With Instance HA configured, simulating a node failure on a node with instances running, the instances fail to evacuate.  I provided sosreports to Andrew Beekhof and Fabio Di Nitto and below are the comments: 


>>> Subject: RE: Need your insight to what might be wrong
>>>
>>> I just tried spinning up a new instance on the stamp (worked OK) and 
>>> noted where the instance was running.  I then logged on to the 
>>> compute node where the instance was running and simulated a crash on 
>>> the node with the “echo c
>>>> /proc/sysrq-trigger” command.   I observed the node panic and shutoff.
>>>
>>> No changes to the status were observed while watching the “watch 
>>> nova list --fields name,status,host” command on the director node 
>>> until after I powered the node back on.  Then, I observed the new 
>>> instance status was “SHUTOFF”.
>>>
>>> I generated sosreports on controller0 and nova0 where the instances 
>>> was and is still located.  (see attached files (I had to split the 
>>> controller file and second part will come in a followup email) ).
>>>
>>> I will verify the domain info.  Does the nova-evacuate resource 
>>> require the domain to be set, because the RHEL Use HA guide didn’t 
>>> have an option listed/
>>
>> Correct.

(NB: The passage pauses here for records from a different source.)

(* Let $b\ge3$, $D\subset\{0,\dots,b-1\}$ with $0\in D$ and $2\le|D|<b$, and list $\mathcal C=\mathcal C_{b,D}$ increasingly as $k_1<k_2<\cdots$. Then for every $q\in\mathbb N$, $$\lim_{N\to\infty}\frac1N\#\{n\le N: k_n\equiv 0\pmod q\}$$ exists and is strictly positive.
   Context: $\mathcal C_{b,D}=\{\sum_{j=0}^{k} d_j b^j : k\in\mathbb N_0,\ d_j\in D\}$. *)

theory Defs
  imports "HOL-Analysis.Analysis" "HOL-Library.Infinite_Set"
begin

definition digitset :: "nat \<Rightarrow> nat set \<Rightarrow> nat set" where
  "digitset b D = {(\<Sum>j\<le>k. d j * b ^ j) | k d. \<forall>j\<le>k. d j \<in> D}"

definition kseq :: "nat \<Rightarrow> nat set \<Rightarrow> nat \<Rightarrow> nat" where
  "kseq b D n = enumerate (digitset b D) (n - 1)"

end

theory Submission
  imports Defs
begin

(*
  Let d_0 < ... < d_(m-1) enumerate D. Writing n in base m, replacing each digit a by d_a and
  reading the result in base b is an increasing map f onto C_(b,D), so k_n = f (n - 1); moreover
  f (y m^L + x) = b^L f y + f x for x < m^L. Choose e >= 1 with b^e idempotent modulo q and set
  T = m^e, B = b^e: then f (y T^K + x) = B f y + f x (mod q) for every K >= 1.

  Hence the proportion freq K s of the x < T^K with s + f x = 0 (mod q) obeys a Markov
  recursion: freq (K + k) s is the average of freq K (s + B f c) over the leading blocks c < T^k,
  and the shifts B f c mod q form a finite additive group H (steps below). A fixed number k of
  leading digits already reaches every element of H, so max - min of freq K over H contracts by
  the factor 1 - |H| / T^k every k levels (Doeblin). Thus freq K converges uniformly on H; the
  limit is positive because the sum of freq K over H does not depend on K and is at least 1/T.
  Counting the n < N with q dividing f n block by block shows that this limit is the density.
*)

section \<open>Densities from block counts\<close>

lemma card_lessThan_mult_split:
  fixes a n :: nat
  shows "card {x. x < a * n \<and> P x} = (\<Sum>c<a. card {x. x < n \<and> P (c * n + x)})"
proof -
  have card_eq: "card {x. x < m \<and> Q x} = (\<Sum>x<m. of_bool (Q x) :: nat)" for m :: nat and Q
    by (simp add: Int_def conj_commute)
  have "(\<Sum>x<a * n. of_bool (P x) :: nat) = (\<Sum>c<a. \<Sum>x\<in>{c * n..<c * n + n}. of_bool (P x))"
    by (rule sum.nat_group[symmetric])
  also have "\<dots> = (\<Sum>c<a. \<Sum>x<n. of_bool (P (c * n + x)))"
  proof (rule sum.cong[OF refl])
    fix c
    show "(\<Sum>x\<in>{c * n..<c * n + n}. of_bool (P x)) = (\<Sum>x<n. of_bool (P (c * n + x)) :: nat)"
      using sum.shift_bounds_nat_ivl[of "\<lambda>x. of_bool (P x) :: nat" 0 "c * n" n]
      by (simp add: add.commute lessThan_atLeast0)
  qed
  finally show ?thesis
    unfolding card_eq .
qed

lemma card_Int_lessThan_mono:
  fixes S :: "nat set"
  assumes "M \<le> N"
  shows "card (S \<inter> {..<M}) \<le> card (S \<inter> {..<N})"
    and "card (S \<inter> {..<N}) \<le> card (S \<inter> {..<M}) + (N - M)"
proof -
  show "card (S \<inter> {..<M}) \<le> card (S \<inter> {..<N})"
    using assms by (intro card_mono) auto
  have "card (S \<inter> {..<N}) \<le> card ((S \<inter> {..<M}) \<union> {M..<N})"
    by (intro card_mono) auto
  then show "card (S \<inter> {..<N}) \<le> card (S \<inter> {..<M}) + (N - M)"
    using card_Un_le[of "S \<inter> {..<M}" "{M..<N}"] by simp
qed

lemma density_from_blocks:
  fixes S :: "nat set" and L :: real
  assumes blocks: "\<And>e. e > 0 \<Longrightarrow> \<exists>P>0. \<forall>Q.
      \<bar>real (card (S \<inter> {..<Q * P})) - real (Q * P) * L\<bar> \<le> real (Q * P) * e"
  shows "(\<lambda>N. real (card (S \<inter> {..<N})) / real N) \<longlonglongrightarrow> L"
proof (rule LIMSEQ_I)
  let ?A = "\<lambda>N. real (card (S \<inter> {..<N}))"
  fix r :: real
  assume "r > 0"
  then obtain P where "P > 0"
    and P: "\<And>Q. \<bar>?A (Q * P) - real (Q * P) * L\<bar> \<le> real (Q * P) * (r / 2)"
    using blocks[of "r / 2"] by auto
  define N0 where "N0 = nat \<lceil>2 * real P * (1 + \<bar>L\<bar>) / r\<rceil> + 1"
  show "\<exists>N0. \<forall>N\<ge>N0. norm (?A N / real N - L) < r"
  proof (intro exI allI impI)
    fix N
    assume "N \<ge> N0"
    then have "N > 0" and "2 * real P * (1 + \<bar>L\<bar>) / r < real N"
      unfolding N0_def by linarith+
    then have N_large: "2 * real P * (1 + \<bar>L\<bar>) < real N * r"
      using \<open>r > 0\<close> by (simp add: field_simps)
    define M where "M = N div P * P"
    have "M \<le> N" and "N - M < P"
      using \<open>P > 0\<close> by (simp_all add: M_def minus_div_mult_eq_mod)
    have "?A M \<le> ?A N" and "?A N \<le> ?A M + real (N - M)"
      using card_Int_lessThan_mono[OF \<open>M \<le> N\<close>, of S] by (simp_all flip: of_nat_add)
    moreover have "\<bar>real M * L - real N * L\<bar> \<le> real P * \<bar>L\<bar>"
      using \<open>M \<le> N\<close> \<open>N - M < P\<close>
      by (simp add: abs_mult flip: left_diff_distrib of_nat_diff) (simp add: mult_right_mono)
    moreover have "\<bar>?A M - real M * L\<bar> \<le> real N * (r / 2)"
      using P[of "N div P"] \<open>M \<le> N\<close> \<open>r > 0\<close> unfolding M_def
      by (meson order.trans mult_right_mono of_nat_le_iff less_imp_le half_gt_zero)
    moreover have "real (N - M) < real P"
      using \<open>N - M < P\<close> by simp
    moreover have "real P * (1 + \<bar>L\<bar>) = real P + real P * \<bar>L\<bar>"
      by (simp add: algebra_simps)
    ultimately have "\<bar>?A N - real N * L\<bar> < real N * r"
      using N_large by linarith
    moreover have "?A N / real N - L = (?A N - real N * L) / real N"
      using \<open>N > 0\<close> by (simp add: field_simps)
    ultimately show "norm (?A N / real N - L) < r"
      using \<open>N > 0\<close> by (simp add: abs_divide pos_divide_less_eq mult.commute)
  qed
qed

section \<open>Recoding digits\<close>

lemma sum_digits_Suc:
  fixes c :: "nat \<Rightarrow> nat"
  shows "(\<Sum>j\<le>Suc k. c j * b ^ j) = c 0 + b * (\<Sum>j\<le>k. c (Suc j) * b ^ j)"
  unfolding sum.atMost_Suc_shift by (simp add: sum_distrib_left ac_simps)

lemma digitset_mult_add:
  assumes "x \<in> digitset b D" and "a \<in> D"
  shows "b * x + a \<in> digitset b D"
proof -
  obtain k c where x: "x = (\<Sum>j\<le>k. c j * b ^ j)" and c: "\<forall>j\<le>k. c j \<in> D"
    using assms(1) unfolding digitset_def by blast
  have "b * x + a = (\<Sum>j\<le>Suc k. case_nat a c j * b ^ j)"
    unfolding sum_digits_Suc x by simp
  moreover have "\<forall>j\<le>Suc k. case_nat a c j \<in> D"
    using c assms(2) by (auto split: nat.split)
  ultimately show ?thesis
    unfolding digitset_def by blast
qed

lemma digit_in_digitset: "a \<in> D \<Longrightarrow> a \<in> digitset b D"
  unfolding digitset_def by (auto intro!: exI[of _ 0] exI[of _ "\<lambda>_. a"])

(* The guard m < 2 only makes the recursion terminate; all lemmas assume m \<ge> 2 and d 0 = 0. *)
function recode_digits :: "nat \<Rightarrow> (nat \<Rightarrow> nat) \<Rightarrow> nat \<Rightarrow> nat \<Rightarrow> nat" where
  "recode_digits m d b n =
    (if n = 0 \<or> m < 2 then 0 else d (n mod m) + b * recode_digits m d b (n div m))"
  by auto
termination by (relation "Wellfounded.measure (\<lambda>(m, d, b, n). n)") auto

declare recode_digits.simps [simp del]

lemma recode_digits_0 [simp]: "recode_digits m d b 0 = 0"
  by (simp add: recode_digits.simps)

lemma recode_digits_div_mod:
  assumes "m \<ge> 2" "d 0 = 0"
  shows "recode_digits m d b n = b * recode_digits m d b (n div m) + d (n mod m)"
  using assms by (subst recode_digits.simps) auto

lemma recode_digits_mult_add:
  assumes "m \<ge> 2" "d 0 = 0" "a < m"
  shows "recode_digits m d b (m * n + a) = b * recode_digits m d b n + d a"
  using recode_digits_div_mod[of m d b "m * n + a"] assms by simp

Its only needed on the fence agent and 
>> nova-compute-checkevacuate resource.
>>
>> It looks like I'm missing the pacemaker.log files from the three 
>> compute nodes and I only have sos reports from one of the controllers.
>>
>> The logs I do have worry me a great deal though.
>>
>> On compute-0, time appears to be a relative concept:
>>
>> Apr  7 14:07:04 localhost ceilometer-polling: 2016-04-07 18:07:04.969
>> 102896 WARNING oslo_config.cfg
>> [req-c240d133-e6ec-4d83-b3bc-03d50d618309 admin - - - -] Option 
>> "alarm_history_time_to_live" from group "database" is deprecated for 
>> removal.  Its value may be silently ignored in the future.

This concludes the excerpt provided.